== Segment start ==

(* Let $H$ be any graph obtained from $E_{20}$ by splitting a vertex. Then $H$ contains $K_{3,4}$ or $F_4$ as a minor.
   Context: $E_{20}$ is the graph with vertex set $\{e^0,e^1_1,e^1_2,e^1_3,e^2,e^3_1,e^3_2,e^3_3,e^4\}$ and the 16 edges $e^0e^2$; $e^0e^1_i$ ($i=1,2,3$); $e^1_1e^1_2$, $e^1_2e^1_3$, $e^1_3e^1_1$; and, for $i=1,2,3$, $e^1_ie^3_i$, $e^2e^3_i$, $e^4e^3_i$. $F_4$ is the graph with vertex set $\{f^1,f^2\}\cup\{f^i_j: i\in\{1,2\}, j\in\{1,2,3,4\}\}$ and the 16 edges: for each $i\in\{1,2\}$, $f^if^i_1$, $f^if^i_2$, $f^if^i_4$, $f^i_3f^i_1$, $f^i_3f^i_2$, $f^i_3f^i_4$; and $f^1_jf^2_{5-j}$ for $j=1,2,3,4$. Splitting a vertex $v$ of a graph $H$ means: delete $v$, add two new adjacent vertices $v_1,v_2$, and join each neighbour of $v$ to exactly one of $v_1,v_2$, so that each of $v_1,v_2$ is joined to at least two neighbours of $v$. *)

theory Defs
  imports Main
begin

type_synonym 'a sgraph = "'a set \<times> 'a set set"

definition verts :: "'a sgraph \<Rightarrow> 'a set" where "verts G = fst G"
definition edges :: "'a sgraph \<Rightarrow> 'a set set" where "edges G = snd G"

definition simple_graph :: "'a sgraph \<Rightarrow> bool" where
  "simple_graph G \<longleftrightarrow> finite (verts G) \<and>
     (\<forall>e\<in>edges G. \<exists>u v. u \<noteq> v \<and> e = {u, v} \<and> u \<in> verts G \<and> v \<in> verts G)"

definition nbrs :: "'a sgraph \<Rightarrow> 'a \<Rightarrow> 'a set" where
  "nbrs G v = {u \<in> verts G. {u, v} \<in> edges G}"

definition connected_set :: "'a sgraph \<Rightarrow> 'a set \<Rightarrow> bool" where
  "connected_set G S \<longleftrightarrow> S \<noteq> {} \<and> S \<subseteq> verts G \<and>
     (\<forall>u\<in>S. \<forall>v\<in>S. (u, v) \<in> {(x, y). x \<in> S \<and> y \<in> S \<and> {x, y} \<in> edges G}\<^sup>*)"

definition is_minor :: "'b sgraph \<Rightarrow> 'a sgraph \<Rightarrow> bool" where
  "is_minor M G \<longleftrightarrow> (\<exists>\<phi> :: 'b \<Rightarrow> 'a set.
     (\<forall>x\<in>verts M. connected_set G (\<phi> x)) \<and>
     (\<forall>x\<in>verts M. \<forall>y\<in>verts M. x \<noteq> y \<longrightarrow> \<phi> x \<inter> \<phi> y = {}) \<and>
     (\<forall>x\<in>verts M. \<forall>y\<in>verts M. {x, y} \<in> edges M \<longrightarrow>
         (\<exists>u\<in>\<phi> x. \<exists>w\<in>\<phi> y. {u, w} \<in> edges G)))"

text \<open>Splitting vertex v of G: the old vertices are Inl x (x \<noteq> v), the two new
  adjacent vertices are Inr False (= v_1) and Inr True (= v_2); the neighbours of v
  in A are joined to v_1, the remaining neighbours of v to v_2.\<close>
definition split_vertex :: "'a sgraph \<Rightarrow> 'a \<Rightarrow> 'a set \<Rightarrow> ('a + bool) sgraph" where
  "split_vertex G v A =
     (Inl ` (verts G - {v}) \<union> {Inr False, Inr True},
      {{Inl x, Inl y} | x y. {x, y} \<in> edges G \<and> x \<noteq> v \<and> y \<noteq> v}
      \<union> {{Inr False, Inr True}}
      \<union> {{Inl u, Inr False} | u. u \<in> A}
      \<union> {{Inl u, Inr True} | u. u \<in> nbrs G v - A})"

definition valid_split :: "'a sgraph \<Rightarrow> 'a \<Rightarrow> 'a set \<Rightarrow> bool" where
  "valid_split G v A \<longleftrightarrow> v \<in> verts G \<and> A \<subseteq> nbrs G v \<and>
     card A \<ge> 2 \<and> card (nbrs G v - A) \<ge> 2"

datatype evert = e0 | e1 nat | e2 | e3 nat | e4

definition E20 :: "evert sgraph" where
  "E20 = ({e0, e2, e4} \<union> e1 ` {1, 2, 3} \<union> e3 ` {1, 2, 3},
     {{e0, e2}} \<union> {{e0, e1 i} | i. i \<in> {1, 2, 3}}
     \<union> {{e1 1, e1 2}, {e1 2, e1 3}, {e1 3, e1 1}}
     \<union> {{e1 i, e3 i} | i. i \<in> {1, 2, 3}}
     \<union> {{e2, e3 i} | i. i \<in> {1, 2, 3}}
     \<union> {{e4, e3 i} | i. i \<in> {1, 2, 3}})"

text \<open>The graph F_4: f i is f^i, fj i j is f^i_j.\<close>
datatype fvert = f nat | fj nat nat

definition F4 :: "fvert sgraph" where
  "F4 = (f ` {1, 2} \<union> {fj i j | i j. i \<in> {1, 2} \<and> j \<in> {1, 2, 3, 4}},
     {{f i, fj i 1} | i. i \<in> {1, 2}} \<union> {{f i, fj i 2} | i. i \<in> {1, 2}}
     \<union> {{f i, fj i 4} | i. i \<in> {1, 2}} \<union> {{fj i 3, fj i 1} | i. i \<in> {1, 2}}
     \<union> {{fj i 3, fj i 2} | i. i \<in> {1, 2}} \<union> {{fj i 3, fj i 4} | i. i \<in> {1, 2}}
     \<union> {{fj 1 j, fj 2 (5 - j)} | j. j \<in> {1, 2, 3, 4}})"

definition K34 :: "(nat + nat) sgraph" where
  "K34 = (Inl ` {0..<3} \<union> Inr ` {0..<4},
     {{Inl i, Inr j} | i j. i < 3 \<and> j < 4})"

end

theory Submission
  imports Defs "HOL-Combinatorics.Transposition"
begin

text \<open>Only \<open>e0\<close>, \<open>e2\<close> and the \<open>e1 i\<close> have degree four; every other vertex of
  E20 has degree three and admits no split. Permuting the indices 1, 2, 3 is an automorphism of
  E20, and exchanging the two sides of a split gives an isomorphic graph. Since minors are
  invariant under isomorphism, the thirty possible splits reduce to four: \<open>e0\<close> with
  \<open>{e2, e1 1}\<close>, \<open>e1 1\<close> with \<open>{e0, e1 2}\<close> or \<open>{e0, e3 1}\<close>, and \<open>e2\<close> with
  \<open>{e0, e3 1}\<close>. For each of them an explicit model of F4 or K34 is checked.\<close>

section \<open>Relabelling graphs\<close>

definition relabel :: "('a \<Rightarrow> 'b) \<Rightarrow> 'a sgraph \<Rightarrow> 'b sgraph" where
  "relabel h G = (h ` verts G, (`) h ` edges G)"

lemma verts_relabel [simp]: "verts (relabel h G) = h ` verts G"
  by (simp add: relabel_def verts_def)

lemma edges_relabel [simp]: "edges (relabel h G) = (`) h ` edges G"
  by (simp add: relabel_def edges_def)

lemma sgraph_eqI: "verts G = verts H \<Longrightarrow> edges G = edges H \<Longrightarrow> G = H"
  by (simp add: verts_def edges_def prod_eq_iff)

== Segment end ==
== Segment start ==

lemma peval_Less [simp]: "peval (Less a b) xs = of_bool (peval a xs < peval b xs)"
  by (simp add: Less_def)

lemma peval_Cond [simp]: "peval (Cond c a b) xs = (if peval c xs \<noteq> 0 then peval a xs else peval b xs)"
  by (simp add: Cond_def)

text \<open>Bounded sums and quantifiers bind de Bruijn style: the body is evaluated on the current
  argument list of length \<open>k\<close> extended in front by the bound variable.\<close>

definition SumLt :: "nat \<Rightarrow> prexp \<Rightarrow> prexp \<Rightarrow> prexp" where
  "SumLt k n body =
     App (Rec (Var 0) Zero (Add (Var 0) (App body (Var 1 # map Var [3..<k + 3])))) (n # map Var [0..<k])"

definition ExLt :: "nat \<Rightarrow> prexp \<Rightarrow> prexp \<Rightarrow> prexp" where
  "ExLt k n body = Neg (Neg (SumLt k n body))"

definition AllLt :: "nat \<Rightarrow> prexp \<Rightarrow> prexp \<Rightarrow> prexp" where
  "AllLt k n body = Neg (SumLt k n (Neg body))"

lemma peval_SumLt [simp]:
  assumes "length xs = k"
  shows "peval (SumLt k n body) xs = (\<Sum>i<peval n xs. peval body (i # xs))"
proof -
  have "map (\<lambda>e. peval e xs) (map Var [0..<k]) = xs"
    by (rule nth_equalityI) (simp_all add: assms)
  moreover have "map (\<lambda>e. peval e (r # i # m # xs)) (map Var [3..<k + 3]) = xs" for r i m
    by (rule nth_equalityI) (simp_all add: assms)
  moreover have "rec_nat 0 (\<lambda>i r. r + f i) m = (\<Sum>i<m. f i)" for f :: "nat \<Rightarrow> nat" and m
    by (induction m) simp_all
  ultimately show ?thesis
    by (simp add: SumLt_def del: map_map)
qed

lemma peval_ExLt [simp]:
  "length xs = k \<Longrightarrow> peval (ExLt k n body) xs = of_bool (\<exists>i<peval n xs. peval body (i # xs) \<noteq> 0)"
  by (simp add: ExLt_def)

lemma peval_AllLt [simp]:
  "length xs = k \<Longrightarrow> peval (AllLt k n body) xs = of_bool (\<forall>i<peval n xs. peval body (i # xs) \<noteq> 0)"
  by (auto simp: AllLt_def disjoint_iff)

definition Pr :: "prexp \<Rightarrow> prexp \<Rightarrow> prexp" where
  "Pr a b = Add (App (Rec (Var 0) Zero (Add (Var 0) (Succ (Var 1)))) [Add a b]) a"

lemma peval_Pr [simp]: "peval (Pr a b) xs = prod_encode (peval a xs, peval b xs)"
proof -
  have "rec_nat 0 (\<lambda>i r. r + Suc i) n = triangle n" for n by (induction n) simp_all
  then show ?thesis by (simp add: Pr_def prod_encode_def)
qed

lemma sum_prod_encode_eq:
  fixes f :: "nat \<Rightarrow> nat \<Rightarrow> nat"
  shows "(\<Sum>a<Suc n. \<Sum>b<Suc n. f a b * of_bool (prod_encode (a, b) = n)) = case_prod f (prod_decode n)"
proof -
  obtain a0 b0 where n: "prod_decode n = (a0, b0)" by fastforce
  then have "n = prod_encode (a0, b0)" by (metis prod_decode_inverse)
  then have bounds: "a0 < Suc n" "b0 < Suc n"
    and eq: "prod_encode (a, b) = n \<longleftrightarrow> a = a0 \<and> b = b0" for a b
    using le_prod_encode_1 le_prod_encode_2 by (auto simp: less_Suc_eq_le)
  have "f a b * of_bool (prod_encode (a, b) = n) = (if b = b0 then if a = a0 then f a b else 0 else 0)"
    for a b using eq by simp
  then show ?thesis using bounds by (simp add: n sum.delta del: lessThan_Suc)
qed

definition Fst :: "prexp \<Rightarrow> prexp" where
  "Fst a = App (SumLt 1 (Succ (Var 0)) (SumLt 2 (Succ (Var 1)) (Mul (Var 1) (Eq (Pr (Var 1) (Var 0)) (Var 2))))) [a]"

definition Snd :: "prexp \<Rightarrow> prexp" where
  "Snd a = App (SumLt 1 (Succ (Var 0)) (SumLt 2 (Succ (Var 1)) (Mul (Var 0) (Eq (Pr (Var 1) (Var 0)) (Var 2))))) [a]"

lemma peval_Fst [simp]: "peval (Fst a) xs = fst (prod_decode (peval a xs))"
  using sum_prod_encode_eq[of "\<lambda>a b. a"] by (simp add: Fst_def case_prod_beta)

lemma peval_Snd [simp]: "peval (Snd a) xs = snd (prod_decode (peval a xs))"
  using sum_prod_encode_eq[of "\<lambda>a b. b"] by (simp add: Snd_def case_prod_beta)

== Segment end ==

> _EXERCISE AIM_: If a line in the records contains the string "fvert", copy it out.

> _SOLUTION_:
datatype fvert = f nat | fj nat nat
definition F4 :: "fvert sgraph" where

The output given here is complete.